Consumers or citizens? Re-regulating communications
Julian petley
At a seminar on the recent Communications Bill in Britain, the UK Culture Secretary, Tessa Jowell, began her speech by asking, ʻWhat is the point of government?ʼ A reasonable question. The answer, however, was less so – at least to those who gasped in audible surprise on hearing that, ʻA not bad answer is this:
promote competition where we can, and regulate if we have to, to protect the public, the consumer.ʼ It is this spirit which animates a measure likely to change utterly and for ever the face of British broadcasting over the next few years, the Communications Bill 2003. As the policy document accompanying the draft bill bluntly states: ʻacross the economy, deregulation brings benefits for consumers and businesses … unnecessary regulations need to be removed wherever possibleʼ.

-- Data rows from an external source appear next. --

theorem lemma12p12:
  fixes n :: nat and lam a :: "nat \<Rightarrow> complex"
  assumes "n \<ge> 1"
    and "inj_on lam {1..n}"
    and "\<forall>j\<in>{1..n}. Re (lam j) > -1/2"
  shows "L2_norm01 (\<lambda>x. complex_of_real x * vector_derivative (muntz n a lam) (at x))
    \<le> (Max ((\<lambda>j. cmod (lam j)) ` {1..n})
        + sqrt (\<Sum>j=1..n. (1 + 2 * Re (lam j)) * (\<Sum>k=j+1..n. (1 + 2 * Re (lam k)))))
      * L2_norm01 (muntz n a lam)"
proof -
  interpret muntz_exponents n lam
    by unfold_locales (rule assms(3))
  define M where "M = Max ((\<lambda>j. cmod (lam j)) ` {1..n})"
  have M_ge: "\<forall>j\<in>{1..n}. cmod (lam j) \<le> M"
    unfolding M_def by simp
  have "cmod (lam 1) \<le> M"
    using M_ge assms(1) by simp
  then have M: "M \<ge> 0"
    using norm_ge_zero[of "lam 1"] by linarith
  have "sqnorm (euler a) \<le> (M + sqrt (weight_pair_sum n))^2 * sqnorm a"
    using markov_bounds[OF M M_ge le_refl] by (simp add: supp_upto_def)
  then have "sqrt (sqnorm (euler a)) \<le> sqrt ((M + sqrt (weight_pair_sum n))^2 * sqnorm a)"
    by (rule real_sqrt_le_mono)
  also have "\<dots> = (M + sqrt (weight_pair_sum n)) * sqrt (sqnorm a)"
    using M weight_pair_sum_nonneg[of n] by (simp add: real_sqrt_mult)
  also have "L2_norm01 (\<lambda>x. of_real x * vector_derivative (muntz n a lam) (at x))
      = L2_norm01 (muntz n (euler a) lam)"
    by (rule L2_norm01_cong) (simp add: of_real_mult_deriv_muntz euler_def)
  ultimately show ?thesis
    by (simp add: M_def L2_norm01_muntz weight_pair_sum_def weight_def)
qed

end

One of the main reasons for this is to attract inward investment; as the document explains, deregulation will be a key means whereby ʻthe UK reinforces its position as one of the most attractive places for communications companies to do businessʼ. It is also argued, however, that these changes will benefit media users too: ʻby eliminating undue burdens on business we can drive innovation, increase investment, raise employment and bring better services to consumersʼ.
Even these introductory remarks raise a number of profound issues. First, in general terms, many would argue that deregulation does not necessarily bring benefits to consumers and businesses alike; whilst business interests are indeed prone to condemn all regulations as ʻred tapeʼ and ʻbureaucracyʼ, many citizens may well regard these as highly necessary and desirable safeguards, such as health and safety regulations. In particular, those forced to work long or ʻflexibleʼ (often erratic) hours, or, conversely, those who have lost their jobs through ʻdownsizingʼ, may well thoroughly dislike the fact that Britain has the most deregulated labour force in the EU. Similarly, those now quite unable to afford to buy a house, or who find that their pensions look set to be entirely inadequate in retirement, may well curse the day that the financial services industry was deregulated.
Second, in terms of broadcasting, it is by no means clear that the best way to ʻdrive innovationʼ is to reduce regulation. This strategy may have worked well in the telecommunications sector, but the broadcasting ecology is different. Here, deregulation all too easily leads to relentless competition for the mass audience and a corresponding homogenization of programming. Why? Because of the economics of broadcasting, which is not a marketplace like any other. In the first place, it is far cheaper to import ready-made programmes from America than to invest in original UK production, even though most viewers prefer home-grown programmes. The reason why American programmes are so cheap to import is that many of them have already covered their production costs via sales to their vast home market and can thus be sold abroad at rock-bottom prices – a form of cultural ʻdumpingʼ. Then, in respect of domestically produced programmes, it is much less of a financial risk to keep on exploiting the same well-known star names, familiar formats and current successes than to invest in untried new talent and challenging, innovative programming. And, finally, intense competition for ratings – brought about in the commercial sector by the need to attract advertisers, and in the case of the BBC by the need to justify the existence of the licence fee, especially in face of the unremitting campaign against it in the Murdoch press – tends to narrow the diversity of what is broadcast.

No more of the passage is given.